A lot of people really love the idea of cryptography. To computer geeks like us there is nothing cooler than the idea that computing relatively simple arithmetic on a message can enable you to communicate secretly with anyone in the world, even if there are eavesdroppers. Unfortunately, this means that there are a lot of computer people out there who are enamoured with the idea of creating their own cryptosystems, or their own implementations of the cryptosystems invented by others. It also means there are a lot of software product managers who are convinced that security equals cryptography, and that their products will magically become "secure" if only there is more crypto in them. I've gotten a fair number of questions over the years about how to add crypto to applications -- a subject that I am actually not an expert on -- and most of the time the answer is "don't". Many times the question comes from a developer who, though an expert developer of applications in their line of business doesn't "get" the basic idea of cryptography. As a public service, let me lay it out for you. The fundamental idea of modern cryptography is this:
The strength of the security of a large quantity of data -- known as the "plaintext" -- against discovery or modification by a motivated attacker depends upon the security of a small quantity of data -- known as the "key". (*)

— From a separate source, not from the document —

(* Assume $\{f_t\}_t$ is Newton-admissible. Let $I=\{1,\ldots,n_I\}$ with $1\le n_I<n$, $J=\{1,\ldots,n\}$, and $L=\{1,\ldots,k_L\}\subseteq K\subseteq K_0$. Let $(\tau,\mathbf{q})\in S^I(K)\cap\overline{S^J(L)}$, sufficiently close to the origin, and let $\rho(s)=(t(s),\mathbf{z}(s))$ be a real analytic path (in a real variable $s$) with $\rho(0)=(\tau,\mathbf{q})$ and $\rho(s)\in S^J(L)$ for $s\ne0$. Write $z_i(s)=a_is^{w_i}+(\text{higher order terms})$ with $a_i\ne0$, so that $w_i=0$, $a_i=q_i$ for $i\le n_I$ and $w_i>0$ for $i>n_I$; put $\mathbf{w}=(w_1,\ldots,w_n)$ and $w_{\min}:=\min\{w_i: n_I<i\le n\}$. Let $L':=\{k\in L: I\in\mathcal{V}_{f^k_t}\}$, assume $L'=\{1,\ldots,k_{L'}\}$, and assume $d(\mathbf{w};f^k_t)=d$ for all $k\in L'$ and all small $t$ (for some common value $d$). Then, after renumbering $f^1,\ldots,f^{k_{L'}}$ if necessary, there exist polynomials $c_{k,l}(s)$, $1\le l<k\le k_{L'}$, such that, writing $$df^k(\rho(s))+\sum_{l=1}^{k-1}c_{k,l}(s)\,df^l(\rho(s))=\omega_k s^{\nu_k}+(\text{higher order terms in } s),\quad \omega_k\ne0,$$ the covectors $\omega_1,\ldots,\omega_{k_{L'}}\in T^*_{(\tau,\mathbf{q})}(\mathbb{C}\times\mathbb{C}^n)$ are linearly independent and $\nu_1\le\cdots\le\nu_{k_{L'}}\le d-w_{\min}$.
   Context: Let $(t,\mathbf{z})=(t,z_1,\ldots,z_n)$ be coordinates on $\mathbb{C}\times\mathbb{C}^n$. For $k\in K_0:=\{1,\ldots,k_0\}$ let $f^k\colon\mathbb{C}\times\mathbb{C}^n\to\mathbb{C}$ be a non-constant polynomial with $f^k(t,\mathbf{0})=0$ for all $t$; put $f:=f^1\cdots f^{k_0}$, $f_t(\mathbf{z}):=f(t,\mathbf{z})$, $f^k_t(\mathbf{z}):=f^k(t,\mathbf{z})$. Here $df^k=\frac{\partial f^k}{\partial t}dt+\sum_i\frac{\partial f^k}{\partial z_i}dz_i$, and $df^k(\rho(s))$ is expanded as a (vector-valued) power series in $s$. Newton data: for a polynomial $g(\mathbf{z})=\sum_\alpha c_\alpha\mathbf{z}^\alpha$ with $g(\mathbf{0})=0$, $\Gamma_+(g)$ is the convex hull in $\mathbb{R}^n_+$ of $\bigcup_{c_\alpha\neq0}(\alpha+\mathbb{R}^n_+)$, and the Newton boundary $\Gamma(g)$ is the union of its compact faces. For a weight vector $\mathbf{w}=(w_1,\ldots,w_n)\in\mathbb{N}^n\setminus\{\mathbf{0}\}$ (nonnegative integers), $d(\mathbf{w};g):=\min\{\sum_i w_ix_i : x\in\Gamma_+(g)\}$, $\Delta(\mathbf{w};g)$ is the face of $\Gamma_+(g)$ where this minimum is attained, $g_{\mathbf{w}}:=\sum_{\alpha\in\Delta(\mathbf{w};g)}c_\alpha\mathbf{z}^\alpha$ is the face function, and $I(\mathbf{w}):=\{i: w_i=0\}$. $\mathbf w$ is positive if all $w_i>0$. For $I\subseteq\{1,\ldots,n\}$, $\mathbb{C}^I:=\{\mathbf{z}: z_i=0 \text{ for } i\notin I\}$ and $\mathbb{C}^{*I}:=\{\mathbf{z}: z_i=0\iff i\notin I\}$; $\mathbb{C}^{*n}=\mathbb{C}^{*\{1,\ldots,n\}}$. $\mathcal{V}_g$ is the set of $I$ with $g|_{\mathbb{C}^I}\equiv0$. For $i_1,\ldots,i_m$ and $u_{i_j}\in\mathbb{C}^*$, $\mathbb{C}^{*n}(u_{i_1},\ldots,u_{i_m}):=\{\mathbf{z}\in\mathbb{C}^{*n}: z_{i_j}=u_{i_j},\ 1\le j\le m\}$. Non-degenerate complete intersection: polynomials $g^1,\ldots,g^p$ vanishing at $\mathbf 0$ define a non-degenerate complete intersection germ $V(g^1,\ldots,g^p)$ if for every positive weight vector $\mathbf{w}$, the $p$-form $dg^1_{\mathbf{w}}\wedge\cdots\wedge dg^p_{\mathbf{w}}$ is nowhere zero on $V^*(g^1_{\mathbf{w}},\ldots,g^p_{\mathbf{w}}):=\{\mathbf{z}\in\mathbb{C}^{*n}: g^1_{\mathbf{w}}(\mathbf{z})=\cdots=g^p_{\mathbf{w}}(\mathbf{z})=0\}$. Local tameness: $R>0$ is a radius of local tameness of $\{g^1,\ldots,g^p\}$ if for every nonempty $I=\{i_1,\ldots,i_m\}\in\mathcal{V}_{g^1}\cap\cdots\cap\mathcal{V}_{g^p}$, every $\mathbf{w}\in\mathbb{N}^n\setminus\{\mathbf 0\}$ with $I(\mathbf{w})=I$ and every $u_{i_1},\ldots,u_{i_m}\in\mathbb{C}^*$ with $\sum_j|u_{i_j}|^2<R$, the set $V^*(g^1_{\mathbf{w}},\ldots,g^p_{\mathbf{w}})\cap\mathbb{C}^{*n}(u_{i_1},\ldots,u_{i_m})$ is a reduced non-singular complete intersection in $\mathbb{C}^{*n}(u_{i_1},\ldots,u_{i_m})$, i.e. the differentials of $g^1_{\mathbf{w}},\ldots,g^p_{\mathbf{w}}$ with respect to the variables $(z_i)_{i\notin I}$ are linearly independent at each of its points; the germ is locally tame if such $R$ exists. Newton-admissible: $\{f_t\}_t$ is Newton-admissible if there is $R>0$ such that for all sufficiently small $t$: (i) for each $k\in K_0$, $\Gamma(f^k_t)$ is independent of $t$; (ii) for every nonempty $\{k_1,\ldots,k_p\}\subseteq K_0$, $V(f^{k_1}_t,\ldots,f^{k_p}_t)$ is a non-degenerate, locally tame complete intersection germ having a radius of local tameness greater than $R$ ($R$ independent of $t$ and of the subset). Canonical toric stratification: $\mathcal{S}$ is the collection of nonempty sets $S^I(K):=\{(t,\mathbf{z})\in\mathbb{C}\times\mathbb{C}^{*I}: f^k(t,\mathbf{z})=0\iff k\in K\}$ for $I\subseteq\{1,\ldots,n\}$, $K\subseteq K_0$ (near the origin these are non-singular, and $S^{\emptyset}(K_0)=\mathbb{C}\times\{\mathbf 0\}$); $\overline{S}$ denotes closure. *)

theory Defs
  imports "HOL-Analysis.Analysis" "HOL-Computational_Algebra.Polynomial"
begin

That is, modern crypto is essentially a form of mechanical advantage. With a gearing system or a lever you can turn a small motion into a large motion. With a strong cryptosystem you can turn the security of a 1 KB key file into the security of a 10 MB data file. Cryptosystems do not manufacture new security, any more than a lever manufactures new motion. Cryptosystems turn the security of one thing (the key) into the security of another much larger thing (the plaintext).

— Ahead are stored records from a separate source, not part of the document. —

(* Let $\mathbb{Q}^*_+$ act on the ring $\mathcal{A}_f$ of finite adeles by division, $r\cdot a=r^{-1}a$, and let $\mathcal{Q}(\mathcal{A}_f/\mathbb{Q}^*_+)$ be the quasi-orbit space of this action. For each $a\in\mathcal{A}_f$ define $S(a):=\{p\in\mathcal{P}: a_p=0\}$. Then $S(a)$ depends only on the quasi-orbit of $a$, and the map $a\mapsto S(a)$ induces a homeomorphism of $\mathcal{Q}(\mathcal{A}_f/\mathbb{Q}^*_+)$ onto the power set $2^{\mathcal{P}}$ equipped with the power-cofinite topology.
   Context: $\mathcal{P}$ is the set of prime numbers; $\mathcal{A}_f=\{(a_p)\in\prod_p\mathbb{Q}_p: a_p\in\mathbb{Z}_p \text{ for almost all } p\}$ is the ring of finite adeles with the restricted product topology (neighbourhood base at $0$ given by $\prod_{p\in F}V_p\times\prod_{p\notin F}\mathbb{Z}_p$, $F$ finite, $V_p$ a neighbourhood of $0$ in $\mathbb{Q}_p$), and $\mathbb{Q}$ is diagonally embedded. For a group $G$ acting on a space $X$, the quasi-orbit space $\mathcal{Q}(X/G)$ is the quotient of $X$ by the relation $x\sim y \iff \overline{G\cdot x}=\overline{G\cdot y}$, with the quotient topology. The power-cofinite topology on $2^{\mathcal{P}}$ has as basic open sets $U_G=\{T\subseteq\mathcal{P}: T\cap G=\emptyset\}$ for $G$ ranging over finite subsets of $\mathcal{P}$. *)

theory Defs
  imports "HOL-Analysis.Analysis" "HOL-Computational_Algebra.Primes"
begin

definition pval :: "nat \<Rightarrow> rat \<Rightarrow> int" where
  "pval p r = (case quotient_of r of (a, b) \<Rightarrow>
      int (multiplicity (int p) a) - int (multiplicity (int p) b))"

definition pabs :: "nat \<Rightarrow> rat \<Rightarrow> real" where
  "pabs p r = (if r = 0 then 0 else real p powr (- real_of_int (pval p r)))"

definition p_cauchy :: "nat \<Rightarrow> (nat \<Rightarrow> rat) \<Rightarrow> bool" where
  "p_cauchy p s \<longleftrightarrow> (\<forall>e>0. \<exists>N. \<forall>m\<ge>N. \<forall>n\<ge>N. pabs p (s m - s n) < e)"

definition p_equiv :: "nat \<Rightarrow> (nat \<Rightarrow> rat) \<Rightarrow> (nat \<Rightarrow> rat) \<Rightarrow> bool" where
  "p_equiv p s t \<longleftrightarrow> (\<lambda>n. pabs p (s n - t n)) \<longlonglongrightarrow> 0"

definition pclass :: "nat \<Rightarrow> (nat \<Rightarrow> rat) \<Rightarrow> (nat \<Rightarrow> rat) set" where
  "pclass p s = {t. p_cauchy p t \<and> p_equiv p s t}"

definition Qp :: "nat \<Rightarrow> (nat \<Rightarrow> rat) set set" where
  "Qp p = {X. \<exists>s. p_cauchy p s \<and> X = pclass p s}"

It is the failure to understand that fundamental idea that underlies most of the questions I get from non-crypto experts about implementing crypto in their applications. Non-crypto experts get enamoured with the math of the cryptosystem but that is not the part that provides the security. The part that provides the security is the security of the key. The cryptosystem itself (or its implementation) might be weak or strong, but even the strongest modern cryptosystem depends fundamentally on the correct management of the keys for its security.
Before the 1970's, all modern cryptosystems were "shared key" systems. That is, if Alice wanted to send a message to Bob over an insecure channel that had attackers attempting to either read or modify the message, then first Alice and Bob would somehow communicate a secret shared key over a secure channel. Once Alice and Bob both had the shared key, Alice could encrypt the message with the shared key, send it over the insecure channel, and Bob could decrypt it with the shared key. Bob would then have the plaintext message, but the eavesdropper would only have the encrypted message. (There are also techniques in shared-key systems whereby Bob could verify that no one tampered with the encrypted message while it was in the insecure channel.)

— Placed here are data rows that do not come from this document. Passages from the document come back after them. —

(* Let $A=\sum\{A_{ij}\mid i,j\in I\}$ be a generalized matrix ring having left and right gm non-zero divisors, and suppose that the largest gm ideal of $A$ contained in $r_n(A)$ is zero. Then $r_n(A_{ij})=0$ for all $i,j\in I$.
   Context: A generalized matrix (gm) ring: $I$ is a nonempty index set; for $i,j\in I$, $A_{ij}$ are additive groups with biadditive associative maps $A_{ij}\times A_{jl}\to A_{il}$. $A$ is the external direct sum of the $A_{ij}$ with $(xy)_{ij}=\sum_k x_{ik}y_{kj}$. A gm ideal is an ideal $B$ of $A$ with $B=\sum\{B_{ij}\}$, $B_{ij}\subseteq A_{ij}$. Each $A_{ij}$ is regarded as a $\Gamma$-ring with $\Gamma=A_{ji}$: an ideal is an additive subgroup $B\subseteq A_{ij}$ with $A_{ij}A_{ji}B\subseteq B$, $BA_{ji}A_{ij}\subseteq B$; $x\in A_{ij}$ is von Neumann regular if $x=xyx$ for some $y\in A_{ji}$; $r_n(A_{ij})$ is the largest ideal consisting of von Neumann regular elements. $r_n(A)$ is the largest ideal of the ring $A$ consisting of von Neumann regular elements. $A$ has left and right gm non-zero divisors means: for all $s,t\in I$ there is $0\neq d_{st}\in A_{st}$ with $xd_{st}\neq0$ and $d_{st}y\neq0$ for all $i,j\in I$ and all nonzero $x\in A_{is}$, $y\in A_{tj}$. *)

theory Defs
  imports Main
begin

text \<open>A generalized matrix (gm) ring over the index type 'i (the index set I is UNIV :: 'i set,
  nonempty automatically). The additive groups A_ij are carriers G i j, additive subgroups of a
  common abelian group 'a; the map A_ij x A_jl -> A_il is mult i j l.\<close>

definition gm_ring :: "('i \<Rightarrow> 'i \<Rightarrow> 'a::ab_group_add set) \<Rightarrow> ('i \<Rightarrow> 'i \<Rightarrow> 'i \<Rightarrow> 'a \<Rightarrow> 'a \<Rightarrow> 'a) \<Rightarrow> bool" where
  "gm_ring G mult \<longleftrightarrow>
     (\<forall>i j. 0 \<in> G i j \<and> (\<forall>x\<in>G i j. \<forall>y\<in>G i j. x + y \<in> G i j) \<and> (\<forall>x\<in>G i j. - x \<in> G i j)) \<and>
     (\<forall>i j l. \<forall>x\<in>G i j. \<forall>y\<in>G j l. mult i j l x y \<in> G i l) \<and>
     (\<forall>i j l. \<forall>x\<in>G i j. \<forall>x'\<in>G i j. \<forall>y\<in>G j l. mult i j l (x + x') y = mult i j l x y + mult i j l x' y) \<and>
     (\<forall>i j l. \<forall>x\<in>G i j. \<forall>y\<in>G j l. \<forall>y'\<in>G j l. mult i j l x (y + y') = mult i j l x y + mult i j l x y') \<and>
     (\<forall>i j l m. \<forall>x\<in>G i j. \<forall>y\<in>G j l. \<forall>z\<in>G l m.
        mult i l m (mult i j l x y) z = mult i j m x (mult j l m y z))"

text \<open>The ring A: the external direct sum of the A_ij (finitely supported families).\<close>

definition gm_carrier :: "('i \<Rightarrow> 'i \<Rightarrow> 'a::ab_group_add set) \<Rightarrow> ('i \<Rightarrow> 'i \<Rightarrow> 'a) set" where
  "gm_carrier G = {x. (\<forall>i j. x i j \<in> G i j) \<and> finite {(i, j). x i j \<noteq> 0}}"

definition gm_add :: "('i \<Rightarrow> 'i \<Rightarrow> 'a::ab_group_add) \<Rightarrow> ('i \<Rightarrow> 'i \<Rightarrow> 'a) \<Rightarrow> ('i \<Rightarrow> 'i \<Rightarrow> 'a)" where
  "gm_add x y = (\<lambda>i j. x i j + y i j)"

Clearly the security of this system depends entirely on there being a secure channel over which Alice and Bob can negotiate what their small shared key is. If they try to exchange the secret key over an insecure channel then an eavesdropper can determine what the secret key is, and it's no longer a secret. (As we'll see later, a more aggressive "man in the middle" can cause even more havoc.)
You might immediately wonder why Alice and Bob need to use crypto at all if a basic assumption is that they have a secure method for key exchange. Why not just use the required-to-be-secure channel for sending the unencrypted text? The point is that the secure channel might be extremely expensive, or it might be available only at certain times. For example, the "secure channel" might be that Alice and Bob meet for coffee in Seattle in their hidden underground bunker, decide on a secret key, and then Alice moves to Switzerland and Bob moves to the Cayman Islands, and they can no longer cheaply meet for coffee. But they can still communicate securely after their key exchange, even if they are no longer in the same room together.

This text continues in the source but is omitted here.